Switzerland’s second-largest lender announced in November its ambition to redeploy some 3 billion Swiss francs ($3.14 billion) of capital to its wealth management division by 2024.

Chief executive Thomas Gottstein said significant steps taken by customers to reduce borrowing in recent quarters could now impact those plans.

“We’ve had significant deleveraging (over the past few quarters), probably more than expected in November,” Gottstein said.

“In principle, our plan continues to be to grow our portfolio of loans in wealth management and move towards 3 billion. But given what has happened over the last two quarters, it is clearly a slightly different base to which to go.”


Credit Suisse has had a turbulent time since two hits – a $5.5 billion loss on the default of US family office Archegos Capital Management and the $10 billion shutdown of its blockchain finance funds. procurement – assaulted the bank in March 2021.

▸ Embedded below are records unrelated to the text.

(* Let $n\geqslant 1$ and $m\geqslant 0$ be integers, and let $$P(x_1,\ldots,x_n)=\sum_{\substack{j_1,\ldots,j_n\geqslant 0\\ j_1+\cdots+j_n=m}} c_{j_1,\ldots,j_n}x_1^{j_1}\cdots x_n^{j_n}\in\mathbb{C}[x_1,\ldots,x_n]$$ and $$P^*(x_1,\ldots,x_n)=\sum_{\substack{j_1,\ldots,j_n\geqslant 0\\ j_1+\cdots+j_n=m}} c_{j_1,\ldots,j_n}(x_1)_{j_1}\cdots(x_n)_{j_n}.$$ Suppose $P\neq 0$ and $\deg P\leqslant k_1+\cdots+k_n$ where $k_1,\ldots,k_n$ are nonnegative integers. Then the coefficient of $x_1^{k_1}\cdots x_n^{k_n}$ in $$P(x_1,\ldots,x_n)(x_1+\cdots+x_n)^{k_1+\cdots+k_n-\deg P}$$ equals $$\frac{\left(\sum_{i=1}^n k_i-\deg P\right)!}{k_1!\cdots k_n!}\,P^*(k_1,\ldots,k_n).$$
   Context: $(x)_0=1$ and $(x)_r=x(x-1)\cdots(x-r+1)$ for positive integers $r$ (falling factorial). *)

theory Defs
  imports Complex_Main "HOL-Library.Poly_Mapping"
begin

text \<open>Multivariate polynomials over C in variables x_0,...,x_{n-1}:
  finitely supported maps from exponent vectors (nat =>0 nat) to complex,
  with the convolution product of Poly_Mapping.\<close>

type_synonym cpoly = "(nat \<Rightarrow>\<^sub>0 nat) \<Rightarrow>\<^sub>0 complex"

definition var :: "nat \<Rightarrow> cpoly" where
  "var i = Poly_Mapping.single (Poly_Mapping.single i 1) 1"

definition mon_deg :: "(nat \<Rightarrow>\<^sub>0 nat) \<Rightarrow> nat" where
  "mon_deg \<alpha> = (\<Sum>i\<in>Poly_Mapping.keys \<alpha>. Poly_Mapping.lookup \<alpha> i)"

definition total_deg :: "cpoly \<Rightarrow> nat" where
  "total_deg P = Max (mon_deg ` Poly_Mapping.keys P)"

definition falling :: "complex \<Rightarrow> nat \<Rightarrow> complex" where
  "falling x r = (\<Prod>i<r. x - of_nat i)"

definition pstar_eval :: "nat \<Rightarrow> cpoly \<Rightarrow> (nat \<Rightarrow> complex) \<Rightarrow> complex" where
  "pstar_eval n P y = (\<Sum>\<alpha>\<in>Poly_Mapping.keys P. Poly_Mapping.lookup P \<alpha> * (\<Prod>i<n. falling (y i) (Poly_Mapping.lookup \<alpha> i)))"

end

theory Submission
  imports Defs
begin

text \<open>With \<open>S = x\<^sub>1 + \<dots> + x\<^sub>n\<close> and \<open>d = |k| - m\<close>, the multinomial theorem gives the coefficient
  \<open>d! / \<beta>!\<close> of \<open>x\<^sup>\<beta>\<close> in \<open>S\<^sup>d\<close> whenever \<open>|\<beta>| = d\<close>. Since \<open>P\<close> is homogeneous of degree \<open>m\<close>, every
  monomial \<open>x\<^sup>\<alpha>\<close> of \<open>P\<close> with \<open>\<alpha> \<le> k\<close> contributes \<open>c\<^sub>\<alpha> d! / (k - \<alpha>)!\<close> to the coefficient of \<open>x\<^sup>k\<close>
  in \<open>P S\<^sup>d\<close>, and \<open>k! / (k - \<alpha>)! = \<Prod>\<^sub>i (k\<^sub>i)\<^sub>\<alpha>\<^sub>i\<close>. The monomials with \<open>\<alpha> \<not>\<le> k\<close> contribute
  nothing to either side, because some falling factorial \<open>(k\<^sub>i)\<^sub>\<alpha>\<^sub>i\<close> with \<open>k\<^sub>i < \<alpha>\<^sub>i\<close> vanishes.\<close>

lemma add_eq_iff_le_and_diff:
  fixes k l q :: "'a \<Rightarrow>\<^sub>0 nat"
  shows "k = l + q \<longleftrightarrow> Poly_Mapping.lookup l \<le> Poly_Mapping.lookup k \<and> q = k - l"
  by (auto simp: le_fun_def lookup_add lookup_minus intro!: poly_mapping_eqI)

lemma lookup_mult_eq_sum_keys:
  fixes f g :: "('a \<Rightarrow>\<^sub>0 nat) \<Rightarrow>\<^sub>0 'b::semiring_0"
  shows "Poly_Mapping.lookup (f * g) k =
    (\<Sum>l\<in>{l \<in> Poly_Mapping.keys f. Poly_Mapping.lookup l \<le> Poly_Mapping.lookup k}.
      Poly_Mapping.lookup f l * Poly_Mapping.lookup g (k - l))"
proof -
  have "(\<Sum>q. Poly_Mapping.lookup g q when k = l + q) =
      (Poly_Mapping.lookup g (k - l) when Poly_Mapping.lookup l \<le> Poly_Mapping.lookup k)" for l
    by (simp add: add_eq_iff_le_and_diff when_def conj_commute)
  then have "Poly_Mapping.lookup (f * g) k =
      (\<Sum>l. Poly_Mapping.lookup f l * Poly_Mapping.lookup g (k - l)
        when Poly_Mapping.lookup l \<le> Poly_Mapping.lookup k)"
    by (simp add: lookup_mult mult_when)
  also have "\<dots> = (\<Sum>l\<in>Poly_Mapping.keys f. Poly_Mapping.lookup f l * Poly_Mapping.lookup g (k - l)
      when Poly_Mapping.lookup l \<le> Poly_Mapping.lookup k)"
    by (rule Sum_any.expand_superset) (auto simp: in_keys_iff)
  also have "\<dots> = (\<Sum>l\<in>{l \<in> Poly_Mapping.keys f. Poly_Mapping.lookup l \<le> Poly_Mapping.lookup k}.
      Poly_Mapping.lookup f l * Poly_Mapping.lookup g (k - l))"
    by (simp add: when_def sum.inter_filter)
  finally show ?thesis .
qed

lemma lookup_var_mult:
  "Poly_Mapping.lookup (var i * Q) b =
    (if Poly_Mapping.lookup b i = 0 then 0 else Poly_Mapping.lookup Q (b - Poly_Mapping.single i 1))"
proof -
  have "{l \<in> Poly_Mapping.keys (var i). Poly_Mapping.lookup l \<le> Poly_Mapping.lookup b} =
      (if Poly_Mapping.lookup b i = 0 then {} else {Poly_Mapping.single i 1})"
    by (auto simp: var_def le_fun_def lookup_single when_def)
  then show ?thesis
    by (simp add: lookup_mult_eq_sum_keys var_def)
qed

lemma keys_add_single:
  fixes c :: "'a \<Rightarrow>\<^sub>0 nat"
  assumes "r \<noteq> 0"
  shows "Poly_Mapping.keys (c + Poly_Mapping.single i r) = insert i (Poly_Mapping.keys c)"
  using assms
  by (auto simp: in_keys_iff lookup_add lookup_single when_def split: if_splits)

lemma sum_lookup_add_single:
  fixes c :: "'a \<Rightarrow>\<^sub>0 nat"
  assumes "finite I" "i \<in> I"
  shows "(\<Sum>j\<in>I. Poly_Mapping.lookup (c + Poly_Mapping.single i r) j) =
    (\<Sum>j\<in>I. Poly_Mapping.lookup c j) + r"
  using assms by (simp add: lookup_add lookup_single sum.distrib when_def)

lemma prod_fact_lookup_add_single:
  fixes c :: "'a \<Rightarrow>\<^sub>0 nat"
  assumes "finite I" "i \<in> I"
  shows "(\<Prod>j\<in>I. fact (Poly_Mapping.lookup (c + Poly_Mapping.single i 1) j)) =
    Suc (Poly_Mapping.lookup c i) * (\<Prod>j\<in>I. fact (Poly_Mapping.lookup c j) :: nat)"
proof -
  have rest: "(\<Prod>j\<in>I - {i}. fact (Poly_Mapping.lookup (c + Poly_Mapping.single i 1) j)) =
      (\<Prod>j\<in>I - {i}. fact (Poly_Mapping.lookup c j) :: nat)"
    by (intro prod.cong) (auto simp: lookup_add lookup_single)
  show ?thesis
    unfolding prod.remove[OF assms] rest by (simp add: lookup_add algebra_simps)
qed

theorem lookup_sum_var_power:
  assumes "finite I"
  shows "Poly_Mapping.lookup ((\<Sum>i\<in>I. var i) ^ d) b =
    (if Poly_Mapping.keys b \<subseteq> I \<and> (\<Sum>i\<in>I. Poly_Mapping.lookup b i) = d
     then of_nat (fact d) / of_nat (\<Prod>i\<in>I. fact (Poly_Mapping.lookup b i)) else 0)"
proof (induction d arbitrary: b)
  case 0
  have "Poly_Mapping.keys b \<subseteq> I \<and> (\<Sum>i\<in>I. Poly_Mapping.lookup b i) = 0 \<longleftrightarrow> b = 0"
    using assms by (auto simp: in_keys_iff subset_iff intro!: poly_mapping_eqI)
  then show ?case
    by (auto simp: lookup_one when_def)
next
  case (Suc d)
  let ?S = "\<Sum>i\<in>I. var i"
  define supported :: "(nat \<Rightarrow>\<^sub>0 nat) \<Rightarrow> nat \<Rightarrow> bool" where
    "supported c e \<longleftrightarrow> Poly_Mapping.keys c \<subseteq> I \<and> (\<Sum>i\<in>I. Poly_Mapping.lookup c i) = e" for c e
  define F where "F = (\<Prod>i\<in>I. fact (Poly_Mapping.lookup b i) :: nat)"
  have summand: "Poly_Mapping.lookup (var i * ?S ^ d) b =
      (if supported b (Suc d) then of_nat (fact d) * of_nat (Poly_Mapping.lookup b i) / of_nat F else 0)"
    if "i \<in> I" for i
  proof (cases "Poly_Mapping.lookup b i = 0")
    case False
    define c where "c = b - Poly_Mapping.single i 1"
    have b: "b = c + Poly_Mapping.single i 1"
      using False by (auto simp: c_def lookup_add lookup_minus lookup_single when_def intro!: poly_mapping_eqI)
    have "supported c d \<longleftrightarrow> supported b (Suc d)"
      unfolding supported_def b using assms that
      by (simp add: keys_add_single sum_lookup_add_single)
    moreover have "F = Poly_Mapping.lookup b i * (\<Prod>j\<in>I. fact (Poly_Mapping.lookup c j))"
      unfolding F_def b by (simp only: prod_fact_lookup_add_single[OF assms that]) (simp add: lookup_add)
    moreover have "Poly_Mapping.lookup (var i * ?S ^ d) b = Poly_Mapping.lookup (?S ^ d) c"
      using False by (simp add: lookup_var_mult c_def)
    ultimately show ?thesis
      using Suc.IH[of c] False by (simp add: supported_def)
  qed (simp add: lookup_var_mult)
  have "Poly_Mapping.lookup (?S ^ Suc d) b = (\<Sum>i\<in>I. Poly_Mapping.lookup (var i * ?S ^ d) b)"
    by (simp add: sum_distrib_right lookup_sum)
  also have "\<dots> = (if supported b (Suc d)
      then of_nat (fact d) * of_nat (\<Sum>i\<in>I. Poly_Mapping.lookup b i) / of_nat F else 0)"
    by (simp add: summand sum_divide_distrib[symmetric] sum_distrib_left)
  also have "\<dots> = (if supported b (Suc d) then of_nat (fact (Suc d)) / of_nat F else 0)"
    by (simp add: supported_def algebra_simps)
  finally show ?case
    by (simp add: supported_def F_def)
qed

lemma falling_of_nat: "falling (of_nat a) r = of_nat ((a choose r) * fact r)"
  by (simp add: falling_def gbinomial_mult_fact' atLeast0LessThan binomial_gbinomial)

lemma falling_of_nat_mult_fact:
  assumes "r \<le> a"
  shows "falling (of_nat a) r * fact (a - r) = fact a"
proof -
  have "of_nat ((a choose r) * fact r * fact (a - r)) = (fact a :: complex)"
    using binomial_fact_lemma[OF assms] by (simp add: ac_simps)
  then show ?thesis
    by (simp add: falling_of_nat)
qed

lemma falling_of_nat_eq_0: "a < r \<Longrightarrow> falling (of_nat a) r = 0"
  by (simp add: falling_of_nat binomial_eq_0)

lemma prod_falling_mult_prod_fact_diff:
  fixes \<alpha> k :: "'a \<Rightarrow>\<^sub>0 nat"
  assumes "Poly_Mapping.lookup \<alpha> \<le> Poly_Mapping.lookup k"
  shows "(\<Prod>i\<in>I. falling (of_nat (Poly_Mapping.lookup k i)) (Poly_Mapping.lookup \<alpha> i))
      * (\<Prod>i\<in>I. fact (Poly_Mapping.lookup (k - \<alpha>) i))
    = (\<Prod>i\<in>I. fact (Poly_Mapping.lookup k i))"
  using assms unfolding prod.distrib [symmetric]
  by (intro prod.cong refl) (simp add: lookup_minus le_fun_def falling_of_nat_mult_fact)

lemma prod_falling_eq_0:
  fixes \<alpha> k :: "'a \<Rightarrow>\<^sub>0 nat"
  assumes "finite I" "Poly_Mapping.keys \<alpha> \<subseteq> I" "\<not> Poly_Mapping.lookup \<alpha> \<le> Poly_Mapping.lookup k"
  shows "(\<Prod>i\<in>I. falling (of_nat (Poly_Mapping.lookup k i)) (Poly_Mapping.lookup \<alpha> i)) = 0"
proof -
  obtain i where i: "Poly_Mapping.lookup k i < Poly_Mapping.lookup \<alpha> i"
    using assms(3) by (auto simp: le_fun_def not_le)
  then have "i \<in> I"
    using assms(2) by (auto simp: in_keys_iff)
  then show ?thesis
    using assms(1) i by (auto intro: prod_zero falling_of_nat_eq_0)
qed

lemma lookup_sum_var_power_diff:
  assumes "finite I" "Poly_Mapping.keys k \<subseteq> I" "Poly_Mapping.lookup \<alpha> \<le> Poly_Mapping.lookup k"
  defines "d \<equiv> (\<Sum>i\<in>I. Poly_Mapping.lookup k i) - (\<Sum>i\<in>I. Poly_Mapping.lookup \<alpha> i)"
  shows "Poly_Mapping.lookup ((\<Sum>i\<in>I. var i) ^ d) (k - \<alpha>)
    = fact d / (\<Prod>i\<in>I. fact (Poly_Mapping.lookup k i))
      * (\<Prod>i\<in>I. falling (of_nat (Poly_Mapping.lookup k i)) (Poly_Mapping.lookup \<alpha> i))"
proof -
  let ?F = "\<Prod>i\<in>I. fact (Poly_Mapping.lookup k i) :: complex"
  let ?G = "\<Prod>i\<in>I. fact (Poly_Mapping.lookup (k - \<alpha>) i) :: complex"
  let ?\<Phi> = "\<Prod>i\<in>I. falling (of_nat (Poly_Mapping.lookup k i)) (Poly_Mapping.lookup \<alpha> i)"
  have "Poly_Mapping.keys (k - \<alpha>) \<subseteq> I"
    using assms(2) by (auto simp: in_keys_iff lookup_minus)
  moreover have "(\<Sum>i\<in>I. Poly_Mapping.lookup (k - \<alpha>) i) = d"
    using assms(3) by (simp add: d_def lookup_minus le_fun_def sum_subtractf_nat)
  ultimately have coeff: "Poly_Mapping.lookup ((\<Sum>i\<in>I. var i) ^ d) (k - \<alpha>) = fact d / ?G"
    by (simp add: lookup_sum_var_power[OF assms(1)])
  have "?F \<noteq> 0" "?G \<noteq> 0"
    using assms(1) by (simp_all add: prod_zero_iff)
  moreover have "?\<Phi> = ?F / ?G"
    using prod_falling_mult_prod_fact_diff[OF assms(3)] \<open>?G \<noteq> 0\<close> by (simp add: eq_divide_eq)
  ultimately show ?thesis
    by (simp add: coeff)
qed

lemma mon_deg_eq_sum:
  assumes "finite I" "Poly_Mapping.keys \<alpha> \<subseteq> I"
  shows "mon_deg \<alpha> = (\<Sum>i\<in>I. Poly_Mapping.lookup \<alpha> i)"
  unfolding mon_deg_def using assms by (intro sum.mono_neutral_left) (auto simp: in_keys_iff)

lemma total_deg_homogeneous:
  assumes "P \<noteq> 0" "\<And>\<alpha>. \<alpha> \<in> Poly_Mapping.keys P \<Longrightarrow> mon_deg \<alpha> = m"
  shows "total_deg P = m"
proof -
  have "mon_deg ` Poly_Mapping.keys P = (\<lambda>_. m) ` Poly_Mapping.keys P"
    using assms(2) by (rule image_cong[OF refl])
  also have "\<dots> = {m}"
    using assms(1) by (simp add: image_constant_conv)
  finally have "mon_deg ` Poly_Mapping.keys P = {m}" .
  then show ?thesis
    by (simp add: total_deg_def)
qed

theorem lemma2p1:
  fixes n m :: nat and P :: cpoly and k :: "nat \<Rightarrow>\<^sub>0 nat"
  assumes "n \<ge> 1"
    and hom: "\<forall>\<alpha>\<in>Poly_Mapping.keys P. Poly_Mapping.keys \<alpha> \<subseteq> {..<n} \<and> (\<Sum>i<n. Poly_Mapping.lookup \<alpha> i) = m"
    and "P \<noteq> 0"
    and k_vars: "Poly_Mapping.keys k \<subseteq> {..<n}"
    and "total_deg P \<le> (\<Sum>i<n. Poly_Mapping.lookup k i)"
  shows "Poly_Mapping.lookup (P * (\<Sum>i<n. var i) ^ ((\<Sum>i<n. Poly_Mapping.lookup k i) - total_deg P)) k
       = of_nat (fact ((\<Sum>i<n. Poly_Mapping.lookup k i) - total_deg P)) / of_nat (\<Prod>i<n. fact (Poly_Mapping.lookup k i))
         * pstar_eval n P (\<lambda>i. of_nat (Poly_Mapping.lookup k i))"
proof -
  have deg: "total_deg P = m"
    using hom \<open>P \<noteq> 0\<close> by (intro total_deg_homogeneous) (auto simp: mon_deg_eq_sum)
  define d where "d = (\<Sum>i<n. Poly_Mapping.lookup k i) - m"
  define c :: complex where "c = fact d / (\<Prod>i<n. fact (Poly_Mapping.lookup k i))"
  define t :: "(nat \<Rightarrow>\<^sub>0 nat) \<Rightarrow> complex" where "t \<alpha> = Poly_Mapping.lookup P \<alpha>
    * (\<Prod>i<n. falling (of_nat (Poly_Mapping.lookup k i)) (Poly_Mapping.lookup \<alpha> i))" for \<alpha>
  have "Poly_Mapping.lookup (P * (\<Sum>i<n. var i) ^ d) k
      = (\<Sum>\<alpha>\<in>{\<alpha> \<in> Poly_Mapping.keys P. Poly_Mapping.lookup \<alpha> \<le> Poly_Mapping.lookup k}.
          Poly_Mapping.lookup P \<alpha> * Poly_Mapping.lookup ((\<Sum>i<n. var i) ^ d) (k - \<alpha>))"
    by (rule lookup_mult_eq_sum_keys)
  also have "\<dots> = (\<Sum>\<alpha>\<in>{\<alpha> \<in> Poly_Mapping.keys P. Poly_Mapping.lookup \<alpha> \<le> Poly_Mapping.lookup k}. c * t \<alpha>)"
  proof (intro sum.cong refl)
    fix \<alpha> assume \<alpha>: "\<alpha> \<in> {\<alpha> \<in> Poly_Mapping.keys P. Poly_Mapping.lookup \<alpha> \<le> Poly_Mapping.lookup k}"
    then have "(\<Sum>i<n. Poly_Mapping.lookup \<alpha> i) = m"
      using hom by auto
    then show "Poly_Mapping.lookup P \<alpha> * Poly_Mapping.lookup ((\<Sum>i<n. var i) ^ d) (k - \<alpha>) = c * t \<alpha>"
      using lookup_sum_var_power_diff[of "{..<n}" k \<alpha>] \<alpha> k_vars by (simp add: d_def c_def t_def)
  qed
  also have "\<dots> = (\<Sum>\<alpha>\<in>Poly_Mapping.keys P. c * t \<alpha>)"
    using hom by (intro sum.mono_neutral_left) (auto simp: t_def prod_falling_eq_0)
  also have "\<dots> = c * pstar_eval n P (\<lambda>i. of_nat (Poly_Mapping.lookup k i))"
    by (simp add: pstar_eval_def t_def sum_distrib_left)
  finally show ?thesis
    by (simp add: deg d_def c_def)
qed

end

Other court cases, lawsuits and departures have since kept him in the headlines. Read more

On Monday, the Swiss Federal Criminal Court condemned Credit Suisse for failing to prevent money laundering, in the country’s first criminal trial against one of its major banks. Read more

Under Swiss law, a company can be held liable for inadequate organization or for failing to take all reasonable measures to prevent a crime from occurring. The bank plans to appeal the decision.

De Ferrari noted on Tuesday that recent events have clearly had an effect on the bank’s reputation, resulting in a “partial impact” on business momentum.

Wealthy entrepreneurial clients had expressed support for the bank, the executive noted, but enlisting new clients into its list of ultra-wealthy clients had proven more “difficult”.

Credit Suisse warned in June of a likely second-quarter loss, the third straight quarter for which Switzerland’s second-largest bank has issued a profit warning. Read more

The bank said at the time that it aimed to advance cost savings, accelerating measures targeting 1.0 to 1.5 billion Swiss francs in structural cost savings per year by 2024.

He said on Tuesday that he was considering a technological overhaul to generate some 800 million francs in savings in the medium term, including 200 million francs for each of the years 2022 and 2023.

Consolidating its data centers and other simplification measures should add another CHF400 million in additional savings, said new chief technology and operations officer Joanne Hannaford, who joined the bank from Goldman Sachs. (GS.N) in January. .

The bank said it additionally sees opportunities in digitization to expand its business advising wealthy clients.

Rising interest rates should also give a boost to its flagship division, he said, predicting that rising rates could generate more than 800 million Swiss francs in additional net interest income in 2024. compared to 2021.

It confirmed its objective for wealth management to achieve a return on regulatory capital above 18% in 2024.

($1 = 0.9563 Swiss francs)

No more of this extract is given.